День был теплый, но бессолнечный, хмурый; с утра собирался дождь, да так и не собрался. Костя выехал из поселка, и шоссе побежало по волнистым полям. Справа от шоссе, от Кости, тянулась река; до нее было километра три, и просторная пойма ее лишь иногда угадывалась за мягкими буграми. Облачное небо казалось низким, теплый ветер, пахнущий селом, обдувал Костино лицо. По случаю воскресенья шоссе, обычно оживленное, было пустынно, и никто не мешал ему думать.

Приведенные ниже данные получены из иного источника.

lemma hat_not_point_mass:
  fixes M Mh :: "real measure"
  assumes "is_hat Mh M" "prob_space M" "sets M = sets borel" "\<And>r. emeasure M {r} = 0"
  shows "emeasure Mh (UNIV - {p}) > 0"
proof (rule ccontr)
  assume null: "\<not> emeasure Mh (UNIV - {p}) > 0"
  have Mh: "finite_measure Mh" "sets Mh = sets borel"
    and hat: "\<And>w. Im w > 0 \<Longrightarrow> F_tr M w - w = stieltjes Mh w"
    using assms(1) unfolding is_hat_def by auto
  have "AE x in Mh. x = p"
    using null Mh(2) sets_eq_imp_space_eq[OF Mh(2)]
    by (intro AE_I'[of "UNIV - {p}"]) (auto simp: null_sets_def)
  define c where "c = measure Mh UNIV"
  have m: "stieltjes M w = -1 / (w + complex_of_real c / (complex_of_real p - w))" if "Im w > 0" for w
  proof -
    have "stieltjes M w = -1 / F_tr M w"
      unfolding F_tr_def by (cases "stieltjes M w = 0") simp_all
    moreover have "F_tr M w = w + complex_of_real c / (complex_of_real p - w)"
      using hat[OF that] stieltjes_point_mass[OF Mh \<open>AE x in Mh. x = p\<close>]
      unfolding c_def by (simp add: algebra_simps)
    ultimately show ?thesis by simp
  qed
  define \<eta> where "\<eta> n = inverse (real (Suc n))" for n
  have \<eta>: "\<And>n. \<eta> n > 0" "\<eta> \<longlonglongrightarrow> 0"
    unfolding \<eta>_def by (simp, rule LIMSEQ_inverse_real_of_nat)
  obtain r q where "q > 0"
    and lim_q: "(\<lambda>n. \<eta> n * Im (stieltjes M (Complex r (\<eta> n)))) \<longlonglongrightarrow> q"
    using neg_inverse_point_mass_F_has_atom[OF _ \<eta>, of c p] m \<eta>(1) by (auto simp: c_def)
  have "(\<lambda>n. \<eta> n * Im (stieltjes M (Complex r (\<eta> n)))) \<longlonglongrightarrow> 0"
    using assms(2) unfolding prob_space_def
    by (intro stieltjes_residue_no_atom[OF _ assms(3,4) \<eta>]) simp
  with \<open>q > 0\<close> show False
    using LIMSEQ_unique[OF lim_q] by simp
qed

lemma subordination_swap:
  assumes "subordination \<mu>a \<mu>b \<omega>a \<omega>b"
  shows "subordination \<mu>b \<mu>a \<omega>b \<omega>a"
  using assms unfolding subordination_def by (auto simp: add.commute)

lemma I_tr_hat_le_inverse:
  assumes "is_hat Mha Ma" "is_hat Mhb Mb"
    and "Im z > 0" "Im z \<le> Im v" "Im z \<le> Im w"
    and "v + w - z = F_tr Ma w" "v + w - z = F_tr Mb v"
    and "\<delta> > 0" "ennreal \<delta> \<le> I_tr Mhb v"
  shows "I_tr Mha w \<le> ennreal (1 / \<delta>)"
proof -
  have Mha: "finite_measure Mha" "sets Mha = sets borel"
    and Mhb: "finite_measure Mhb" "sets Mhb = sets borel"
    using assms(1,2) unfolding is_hat_def by auto
  have w: "Im w > 0" and v: "Im v > 0"
    using assms(3-5) by auto
  define Ia where "Ia = (\<integral>x. 1 / (cmod (complex_of_real x - w))\<^sup>2 \<partial>Mha)"
  define Ib where "Ib = (\<integral>x. 1 / (cmod (complex_of_real x - v))\<^sup>2 \<partial>Mhb)"
  have "Ia \<ge> 0" "Ib \<ge> 0"
    unfolding Ia_def Ib_def by simp_all
  have "stieltjes Mha w = F_tr Ma w - w"
    using assms(1) w unfolding is_hat_def by simp
  then have "stieltjes Mha w = v - z"
    unfolding assms(6)[symmetric] by simp
  then have a: "Im v - Im z = Im w * Ia"
    using Im_stieltjes[OF Mha w] unfolding Ia_def by simp
  have "stieltjes Mhb v = F_tr Mb v - v"
    using assms(2) v unfolding is_hat_def by simp
  then have "stieltjes Mhb v = w - z"
    unfolding assms(7)[symmetric] by simp
  then have b: "Im w - Im z = Im v * Ib"
    using Im_stieltjes[OF Mhb v] unfolding Ib_def by simp
  have "(Im v * Im w) * (Ia * Ib) = (Im w * Ia) * (Im v * Ib)"
    by (simp add: algebra_simps)
  also have "\<dots> = (Im v - Im z) * (Im w - Im z)"
    using a b by simp
  also have "\<dots> = Im v * Im w - Im z * (Im v - Im z) - Im z * Im w"
    by (simp add: algebra_simps)
  also have "\<dots> \<le> (Im v * Im w) * 1"
    using assms(3,4) w mult_nonneg_nonneg[of "Im z" "Im v - Im z"] mult_pos_pos[of "Im z" "Im w"]
    by linarith
  finally have "Ia * Ib \<le> 1"
    using v w by (simp add: mult_le_cancel_left_pos)
  moreover have "\<delta> \<le> Ib"
    using assms(9) I_tr_eq_integral[OF Mhb v] \<open>Ib \<ge> 0\<close> unfolding Ib_def[symmetric] by simp
  ultimately have "Ia * \<delta> \<le> 1"
    using \<open>Ia \<ge> 0\<close> by (meson mult_left_mono order_trans)
  then show ?thesis
    using assms(8) I_tr_eq_integral[OF Mha w]
    unfolding Ia_def[symmetric] by (simp add: le_divide_eq ennreal_leI)
qed

lemma subordination_I_tr_bounds:
  fixes \<mu>a \<mu>b \<mu>ha \<mu>hb :: "real measure"
  assumes "assumption_B \<mu>a" "assumption_B \<mu>b" "subordination \<mu>a \<mu>b \<omega>a \<omega>b"
    and "is_hat \<mu>ha \<mu>a" "is_hat \<mu>hb \<mu>b"
    and "compact K" "K \<subseteq> {z. Im z \<ge> 0}"
  shows "\<exists>c1 c2 c3 :: real. c1 > 0 \<and> c2 > 0 \<and> c3 > 0 \<and>
    (\<forall>z\<in>K. ennreal c1 \<le> I_tr \<mu>a (\<omega>b z) \<and> ennreal c2 \<le> I_tr \<mu>ha (\<omega>b z) \<and>
             I_tr \<mu>ha (\<omega>b z) \<le> ennreal c3)"
proof -
  have \<mu>: "prob_space \<mu>" "sets \<mu> = sets borel" "\<And>r. emeasure \<mu> {r} = 0"
    if "assumption_B \<mu>" for \<mu>
    using that assumption_B_no_atoms unfolding assumption_B_def by blast+
  have \<mu>a: "sets \<mu>a = sets borel" "\<And>p. emeasure \<mu>a (UNIV - {p}) > 0"
    using \<mu>[OF assms(1)] by (auto intro: prob_space_no_atoms_not_point_mass)
  have \<mu>h: "sets \<mu>h = sets borel" "\<And>p. emeasure \<mu>h (UNIV - {p}) > 0"
    if "is_hat \<mu>h \<mu>" "assumption_B \<mu>" for \<mu>h \<mu>
    using that(1) hat_not_point_mass[OF that(1) \<mu>[OF that(2)]] unfolding is_hat_def by blast+
  have \<omega>: "continuous_on {z. Im z \<ge> 0} \<omega>a" "continuous_on {z. Im z \<ge> 0} \<omega>b"
    and Im_\<omega>: "\<And>z. Im z > 0 \<Longrightarrow> Im z \<le> Im (\<omega>a z) \<and> Im z \<le> Im (\<omega>b z)"
    and F: "\<And>z. Im z > 0 \<Longrightarrow> \<omega>a z + \<omega>b z - z = F_tr \<mu>a (\<omega>b z) \<and> \<omega>a z + \<omega>b z - z = F_tr \<mu>b (\<omega>a z)"
    using assms(3) unfolding subordination_def by auto
  \<comment> \<open>L adds to K the vertical segments of length 1 above it, so every point of K is a
    limit of points of L in the open upper half plane.\<close>
  define L where "L = (\<lambda>p. fst p + \<i> * complex_of_real (snd p)) ` (K \<times> {0..1})"
  have "compact L"
    unfolding L_def using assms(6)
    by (intro compact_continuous_image compact_Times compact_Icc) (auto intro!: continuous_intros)
  have L_half_plane: "L \<subseteq> {z. Im z \<ge> 0}"
    using assms(7) by (auto simp: L_def)
  have "compact (\<omega>a ` L)" "compact (\<omega>b ` L)"
    using \<open>compact L\<close> continuous_on_subset[OF \<omega>(1) L_half_plane]
      continuous_on_subset[OF \<omega>(2) L_half_plane]
    by (simp_all add: compact_continuous_image)
  obtain c1 where "c1 > 0" and c1: "\<forall>w\<in>\<omega>b ` L. ennreal c1 \<le> I_tr \<mu>a w"
    using I_tr_bounded_below[OF \<open>compact (\<omega>b ` L)\<close> \<mu>a] by blast
  obtain c2 where "c2 > 0" and c2: "\<forall>w\<in>\<omega>b ` L. ennreal c2 \<le> I_tr \<mu>ha w"
    using I_tr_bounded_below[OF \<open>compact (\<omega>b ` L)\<close> \<mu>h[OF assms(4,1)]] by blast
  obtain d where "d > 0" and d: "\<forall>w\<in>\<omega>a ` L. ennreal d \<le> I_tr \<mu>hb w"
    using I_tr_bounded_below[OF \<open>compact (\<omega>a ` L)\<close> \<mu>h[OF assms(5,2)]] by blast
  have upper: "I_tr \<mu>ha (\<omega>b z) \<le> ennreal (1 / d)" if "z \<in> K" for z
  proof -
    define zn where "zn n = z + \<i> * complex_of_real (inverse (Suc n))" for n
    have zn_L: "zn n \<in> L" for n
      unfolding L_def zn_def using that
      by (intro image_eqI[of _ _ "(z, inverse (Suc n))"]) (auto simp: inverse_le_1_iff)
    have zn_pos: "Im (zn n) > 0" for n
      using that assms(7) by (auto simp: zn_def add_nonneg_pos)
    have bound: "I_tr \<mu>ha (\<omega>b (zn n)) \<le> ennreal (1 / d)" for n
      using Im_\<omega>[OF zn_pos] F[OF zn_pos] \<open>d > 0\<close> d zn_L
      by (intro I_tr_hat_le_inverse[OF assms(4,5) zn_pos, where v = "\<omega>a (zn n)"]) auto
    have "zn \<longlonglongrightarrow> z + \<i> * complex_of_real 0"
      unfolding zn_def by (intro tendsto_intros LIMSEQ_inverse_real_of_nat)
    then have "(\<lambda>n. \<omega>b (zn n)) \<longlonglongrightarrow> \<omega>b z"
      using that assms(7) zn_pos
      by (intro continuous_on_tendsto_compose[OF \<omega>(2)] always_eventually) (auto intro: less_imp_le)
    then have "I_tr \<mu>ha (\<omega>b z) \<le> liminf (\<lambda>n. I_tr \<mu>ha (\<omega>b (zn n)))"
      by (rule I_tr_lower_semicontinuous[OF \<mu>h(1)[OF assms(4,1)]])
    also have "\<dots> \<le> ennreal (1 / d)"
      using bound by (intro Liminf_le) simp_all
    finally show ?thesis .
  qed
  show ?thesis
  proof (intro exI conjI ballI)
    fix z assume "z \<in> K"
    then have "\<omega>b z \<in> \<omega>b ` L"
      unfolding L_def by (intro imageI image_eqI[of _ _ "(z, 0)"]) auto
    then show "ennreal c1 \<le> I_tr \<mu>a (\<omega>b z)" "ennreal c2 \<le> I_tr \<mu>ha (\<omega>b z)"
      using c1 c2 by blast+
    show "I_tr \<mu>ha (\<omega>b z) \<le> ennreal (1 / d)"
      using upper[OF \<open>z \<in> K\<close>] .
  qed (use \<open>c1 > 0\<close> \<open>c2 > 0\<close> \<open>d > 0\<close> in simp_all)
qed

theorem lemma4p5:
  fixes \<mu>a \<mu>b \<nu> \<mu>ha \<mu>hb :: "real measure"
    and \<omega>a \<omega>b :: "complex \<Rightarrow> complex"
    and a b :: real and Oa Ob :: "real set"
  assumes "assumption_B \<mu>a" and "assumption_B \<mu>b"
    and "subordination \<mu>a \<mu>b \<omega>a \<omega>b"
    and "is_free_conv \<nu> \<mu>a \<omega>b"
    and "is_hat \<mu>ha \<mu>a" and "is_hat \<mu>hb \<mu>b"
    and "a \<le> b" and "msupport \<nu> \<subseteq> {a..b}"
    and "open Oa" and "stieltjes_zero_set \<mu>a \<subseteq> Oa"
    and "open Ob" and "stieltjes_zero_set \<mu>b \<subseteq> Ob"
  defines "J \<equiv> {Complex E \<eta> | E \<eta>. E \<in> {a..b} \<and> 0 \<le> \<eta> \<and> \<eta> \<le> 1}"
  shows "\<exists>c1a c2a c3a c1b c2b c3b :: real.
           c1a > 0 \<and> c2a > 0 \<and> c3a > 0 \<and> c1b > 0 \<and> c2b > 0 \<and> c3b > 0 \<and>
           (\<forall>z\<in>J. Re z \<notin> Ob \<longrightarrow>
              ennreal c1a \<le> I_tr \<mu>a (\<omega>b z) \<and>
              ennreal c2a \<le> I_tr \<mu>ha (\<omega>b z) \<and>
              I_tr \<mu>ha (\<omega>b z) \<le> ennreal c3a) \<and>
           (\<forall>z\<in>J. Re z \<notin> Oa \<longrightarrow>
              ennreal c1b \<le> I_tr \<mu>b (\<omega>a z) \<and>
              ennreal c2b \<le> I_tr \<mu>hb (\<omega>a z) \<and>
              I_tr \<mu>hb (\<omega>a z) \<le> ennreal c3b)"
proof -
  have "J = cbox (Complex a 0) (Complex b 1)"
  proof (rule set_eqI)
    show "z \<in> J \<longleftrightarrow> z \<in> cbox (Complex a 0) (Complex b 1)" for z
      unfolding J_def in_cbox_complex_iff by (cases z) auto
  qed
  then have J: "compact J" "J \<subseteq> {z. Im z \<ge> 0}"
    by (auto simp: in_cbox_complex_iff)
  obtain c1a c2a c3a where "c1a > 0" "c2a > 0" "c3a > 0"
    and A: "\<forall>z\<in>J. ennreal c1a \<le> I_tr \<mu>a (\<omega>b z) \<and> ennreal c2a \<le> I_tr \<mu>ha (\<omega>b z) \<and>
                   I_tr \<mu>ha (\<omega>b z) \<le> ennreal c3a"
    using subordination_I_tr_bounds[OF assms(1,2,3,5,6) J] by blast
  obtain c1b c2b c3b where "c1b > 0" "c2b > 0" "c3b > 0"
    and B: "\<forall>z\<in>J. ennreal c1b \<le> I_tr \<mu>b (\<omega>a z) \<and> ennreal c2b \<le> I_tr \<mu>hb (\<omega>a z) \<and>
                   I_tr \<mu>hb (\<omega>a z) \<le> ennreal c3b"
    using subordination_I_tr_bounds[OF assms(2,1) subordination_swap[OF assms(3)] assms(6,5) J]
    by blast
  show ?thesis
  proof (rule exI[of _ c1a], rule exI[of _ c2a], rule exI[of _ c3a],
      rule exI[of _ c1b], rule exI[of _ c2b], rule exI[of _ c3b], intro conjI)
    show "\<forall>z\<in>J. Re z \<notin> Ob \<longrightarrow> ennreal c1a \<le> I_tr \<mu>a (\<omega>b z) \<and>
        ennreal c2a \<le> I_tr \<mu>ha (\<omega>b z) \<and> I_tr \<mu>ha (\<omega>b z) \<le> ennreal c3a"
      using A by blast
    show "\<forall>z\<in>J. Re z \<notin> Oa \<longrightarrow> ennreal c1b \<le> I_tr \<mu>b (\<omega>a z) \<and>
        ennreal c2b \<le> I_tr \<mu>hb (\<omega>a z) \<and> I_tr \<mu>hb (\<omega>a z) \<le> ennreal c3b"
      using B by blast
  qed fact+
qed

end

Маленькая птичка садилась впереди на телеграфный провод и, помахивая длинным хвостиком, ждала, чтобы Костя поравнялся с ней; она взлетала, опять садилась далеко впереди на провод и опять ждала. Шоссе было проложено по бывшему большаку, и кое-где справа вдоль обочины сохранились старые липы; кудрявые, в тяжелой листве, они стояли в сумрачном воздухе, как застывшие взрывы. Но Костя не замечал ни птички, ни лип, он равномерно крутил педали и, ни во что не вглядываясь, смотрел вперед, туда, куда убегала серая лента шоссе, то мягко подымавшаяся, то полого спускавшаяся.

Видно было всякий раз до вершины следующего подъема. Казалось, что там шоссе упирается в небо и пропадает. Но, поднявшись туда, на самую гривку, Костя всякий раз видел новую зеленую впадину, пересеченную прямой полоской шоссе, сначала бегущей вниз, потом вверх и упирающейся в небо на следующей гривке.

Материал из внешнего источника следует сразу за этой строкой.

lemma has_field_derivative_eval_fps_compose [derivative_intros]:
  fixes f :: "'a :: {banach, real_normed_field} fps"
  assumes "fps_conv_radius f = \<infinity>" and "(g has_field_derivative g') (at x within A)"
  shows "((\<lambda>x. eval_fps f (g x)) has_field_derivative eval_fps (fps_deriv f) (g x) * g')
           (at x within A)"
  using DERIV_chain2[OF has_field_derivative_eval_fps assms(2)] assms(1) by simp

lemma fps_X_mult_shift_integral0:
  fixes f :: "'a :: {semiring_1, inverse} fps"
  shows "fps_X * fps_shift 1 (fps_integral0 f) = fps_integral0 f"
  by (rule fps_ext) simp

section \<open>The power series of \<open>e\<^sup>t p\<^sub>j(t)\<close>\<close>

definition stirling_fps :: "nat \<Rightarrow> real fps" where
  "stirling_fps j = Abs_fps (\<lambda>m. real (stirling m j) / (fact m)\<^sup>2)"

lemma stirling_le_fact: "stirling n k \<le> fact n"
proof (cases "k \<le> n")
  case True
  then have "stirling n k \<le> (\<Sum>i\<le>n. stirling n i)"
    by (intro member_le_sum) auto
  then show ?thesis by (simp add: sum_stirling)
qed simp

lemma stirling_fps_nth_le: "\<bar>fps_nth (stirling_fps j) m\<bar> \<le> 1 / fact m"
proof -
  have "real (stirling m j) \<le> fact m"
    using stirling_le_fact[of m j] by (metis of_nat_fact of_nat_le_iff)
  then have "real (stirling m j) / (fact m)\<^sup>2 \<le> fact m / (fact m)\<^sup>2"
    by (rule divide_right_mono) simp
  also have "\<dots> = 1 / fact m"
    by (simp add: power2_eq_square)
  finally show ?thesis by (simp add: stirling_fps_def)
qed

lemma fps_conv_radius_stirling_fps [simp]: "fps_conv_radius (stirling_fps j) = \<infinity>"
  by (rule fps_conv_radius_eq_infinity_if_le_inverse_fact) (simp add: stirling_fps_nth_le)

lemma fps_conv_radius_integral_stirling_fps [simp]:
  "fps_conv_radius (fps_integral0 (stirling_fps j)) = \<infinity>"
proof (rule fps_conv_radius_eq_infinity_if_le_inverse_fact)
  fix n
  show "norm (fps_nth (fps_integral0 (stirling_fps j)) n) \<le> 1 / fact n"
  proof (cases n)
    case (Suc m)
    have "norm (fps_nth (fps_integral0 (stirling_fps j)) n)
        = \<bar>fps_nth (stirling_fps j) m\<bar> / real (Suc m)"
      using Suc by (simp add: abs_mult divide_inverse_commute del: of_nat_Suc)
    also have "\<dots> \<le> (1 / fact m) / real (Suc m)"
      by (intro divide_right_mono stirling_fps_nth_le) simp
    also have "\<dots> = 1 / fact n"
      using Suc by simp
    finally show ?thesis .
  qed simp
qed

lemma stirling_fps_nonneg: "0 \<le> fps_nth (stirling_fps j) m"
  by (simp add: stirling_fps_def)

lemma stirling_fps_0: "stirling_fps 0 = 1"
  by (rule fps_ext) (simp add: stirling_fps_def)

lemma stirling_fps_Suc_nth_0: "fps_nth (stirling_fps (Suc j)) 0 = 0"
  by (simp add: stirling_fps_def)

text \<open>The recurrence of the Stirling numbers, divided by \<open>(m!)\<^sup>2\<close>.\<close>
lemma stirling_fps_nth_Suc:
  "real (Suc m) ^ 2 * fps_nth (stirling_fps (Suc j)) (Suc m)
     = real m * fps_nth (stirling_fps (Suc j)) m + fps_nth (stirling_fps j) m"
proof -
  have "(fact (Suc m) :: real)\<^sup>2 = real (Suc m) ^ 2 * (fact m)\<^sup>2"
    by (simp add: power_mult_distrib)
  then show ?thesis
    by (simp add: stirling_fps_def field_simps)
qed

lemma stirling_fps_ode:
  fixes j :: nat
  defines "D \<equiv> fps_deriv (stirling_fps (Suc j))"
  shows "D + fps_X * fps_deriv D - fps_X * D = stirling_fps j"
proof (rule fps_ext)
  fix m
  show "fps_nth (D + fps_X * fps_deriv D - fps_X * D) m = fps_nth (stirling_fps j) m"
    using stirling_fps_nth_Suc[of m j]
    by (cases m) (simp_all add: D_def power2_eq_square algebra_simps)
qed

lemma stirling_fps_deriv_diff_0:
  "fps_deriv (stirling_fps 0) - stirling_fps 0 = - fps_shift 1 (fps_integral0 (stirling_fps 0))"
  by (rule fps_ext) (simp add: stirling_fps_0)

lemma stirling_fps_deriv_diff_Suc:
  "fps_deriv (stirling_fps (Suc j)) - stirling_fps (Suc j)
     = fps_shift 1 (fps_integral0 (stirling_fps j))
       - fps_shift 1 (fps_integral0 (stirling_fps (Suc j)))"
proof (rule fps_ext)
  fix m
  let ?a = "\<lambda>i. fps_nth (stirling_fps (Suc j)) i" and ?b = "fps_nth (stirling_fps j) m"
  have "real (Suc m) * (real (Suc m) * ?a (Suc m) - ?a m) = ?b - ?a m"
    using stirling_fps_nth_Suc[of m j] by (simp add: algebra_simps power2_eq_square)
  then have "real (Suc m) * ?a (Suc m) - ?a m = inverse (real (Suc m)) * (?b - ?a m)"
    by (simp add: field_simps del: of_nat_Suc)
  then show "fps_nth (fps_deriv (stirling_fps (Suc j)) - stirling_fps (Suc j)) m
      = fps_nth (fps_shift 1 (fps_integral0 (stirling_fps j))
          - fps_shift 1 (fps_integral0 (stirling_fps (Suc j)))) m"
    by (simp add: right_diff_distrib del: of_nat_Suc)
qed

definition hfun :: "nat \<Rightarrow> real \<Rightarrow> real" where
  "hfun j = eval_fps (stirling_fps j)"

definition Gfun :: "nat \<Rightarrow> real \<Rightarrow> real" where
  "Gfun j = eval_fps (fps_integral0 (stirling_fps j))"

definition Qfun :: "nat \<Rightarrow> real \<Rightarrow> real" where
  "Qfun j = eval_fps (fps_shift 1 (fps_integral0 (stirling_fps j)))"

lemma pfun_eq_hfun: "pfun j t = exp (- t) * hfun j t"
proof -
  let ?c = "\<lambda>m. fps_nth (stirling_fps j) m * t ^ m"
  have "hfun j t = (\<Sum>n. ?c (n + j)) + (\<Sum>m<j. ?c m)"
    unfolding hfun_def eval_fps_def by (rule suminf_split_initial_segment) (simp add: summable_fps)
  also have "(\<Sum>m<j. ?c m) = 0"
    by (intro sum.neutral) (simp add: stirling_fps_def)
  finally show ?thesis
    by (simp add: pfun_def stirling_fps_def power2_eq_square field_simps)
qed

lemma hfun_0 [simp]: "hfun 0 x = 1"
  by (simp add: hfun_def stirling_fps_0)

lemma hfun_Suc_at_0 [simp]: "hfun (Suc j) 0 = 0"
  by (simp add: hfun_def eval_fps_at_0 stirling_fps_Suc_nth_0)

lemma Gfun_at_0 [simp]: "Gfun j 0 = 0"
  by (simp add: Gfun_def eval_fps_at_0)

lemma Gfun_eq_mult_Qfun: "Gfun j x = x * Qfun j x"
  unfolding Gfun_def Qfun_def
  by (subst fps_X_mult_shift_integral0[symmetric], subst eval_fps_mult) simp_all

lemma hfun_ode:
  "eval_fps (fps_deriv (stirling_fps (Suc j))) x
     + x * eval_fps (fps_deriv (fps_deriv (stirling_fps (Suc j)))) x
     - x * eval_fps (fps_deriv (stirling_fps (Suc j))) x = hfun j x"
  unfolding hfun_def stirling_fps_ode[of j, symmetric]
  by (simp add: eval_fps_add eval_fps_diff eval_fps_mult)

lemma hfun_telescope:
  "(\<Sum>i\<le>j. eval_fps (fps_deriv (stirling_fps i)) x - hfun i x) = - Qfun j x"
proof (induction j)
  case 0
  show ?case
    using arg_cong[OF stirling_fps_deriv_diff_0, of "\<lambda>f. eval_fps f x"]
    by (simp add: hfun_def Qfun_def eval_fps_diff eval_fps_minus)
next
  case (Suc j)
  then show ?case
    using arg_cong[OF stirling_fps_deriv_diff_Suc[of j], of "\<lambda>f. eval_fps f x"]
    by (simp add: hfun_def Qfun_def eval_fps_diff)
qed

Перевалив через одну из гривок, он вдруг заметил далеко-далеко впереди на шоссе крошечное пестрое пятнышко.

Ему пришло в голову, что он видел его уже и раньше, но не обращал внимания. Отделенное от него двухкилометровой толщей воздуха, пятнышко это двигалось по шоссе, на подъеме, в том же направлении, что и он сам. Что-то синее и желтое. Он не успел приглядеться, как оно перекатилось через гривку и исчезло.

Костя быстро завертел педали. Он стремительно слетел вниз, проскочил через мостик над овражком и, стараясь не потерять накопленной инерции, помчался вверх. Перевалив через гривку, он опять увидел желто-синее пятнышко — на следующем подъеме. Но теперь расстояние между ними значительно сократилось, и ему стало ясно, что это кто-то едет на велосипеде, — так же, как и он. Его только удивило, что велосипедист так пестро одет — внизу синее, сверху желтое. Чтобы лучше его рассмотреть, он припал к рулю и помчался, стараясь достичь самой большой скорости, на какую был способен.

Перелетев через следующую гривку, он сразу увидел, что на том велосипеде — девочка. Юбка синяя, а кофта желтая. Она ехала по шоссе не спеша, светлые волосы лежали у нее на плечах. Он полетел вниз по склону, чтобы догнать ее и заглянуть ей в лицо. Но она издали услышала, что ее догоняют, и обернулась.



Лицо круглое, девчоночье. Рассмотреть его он не мог, — между ними было еще метров двести, — да и не успел — она сразу отвернулась. Толстенькие ее поги в белых носках заработали вовсю. Она не хотела, чтобы он ее догнал.

Она рванулась вперед, и они понеслись. Оказалось, она владела велосипедом не хуже его. Костя прижался к рулю и крутил педали изо всех сил, но до нее было все так же далеко. На ближайшем подъеме расстояние между ними намного сократилось, но зато на спуске, когда велосипеды катились своим ходом, он несколько отстал, — у нее велосипед был лучше. Охваченный азартом погони, он напряг все силы и низко склонился к рулю. На подъеме он опять приблизился к ней и довольно значительно. Теперь нужно было не отстать на спуске; и, хотя спуск был длинный, он пролетел его до конца, не уступив ни метра. Ей лет четырнадцать — пятнадцать. Порой она чуть-чуть поворачивала голову и, несомненно, взглядывала на него, сильно скосив глаза; тогда он на мгновенье видел ее пухлую щеку. Она делала отчаянные усилия, чтобы не дать себя догнать. И все же он постепенно догонял ее.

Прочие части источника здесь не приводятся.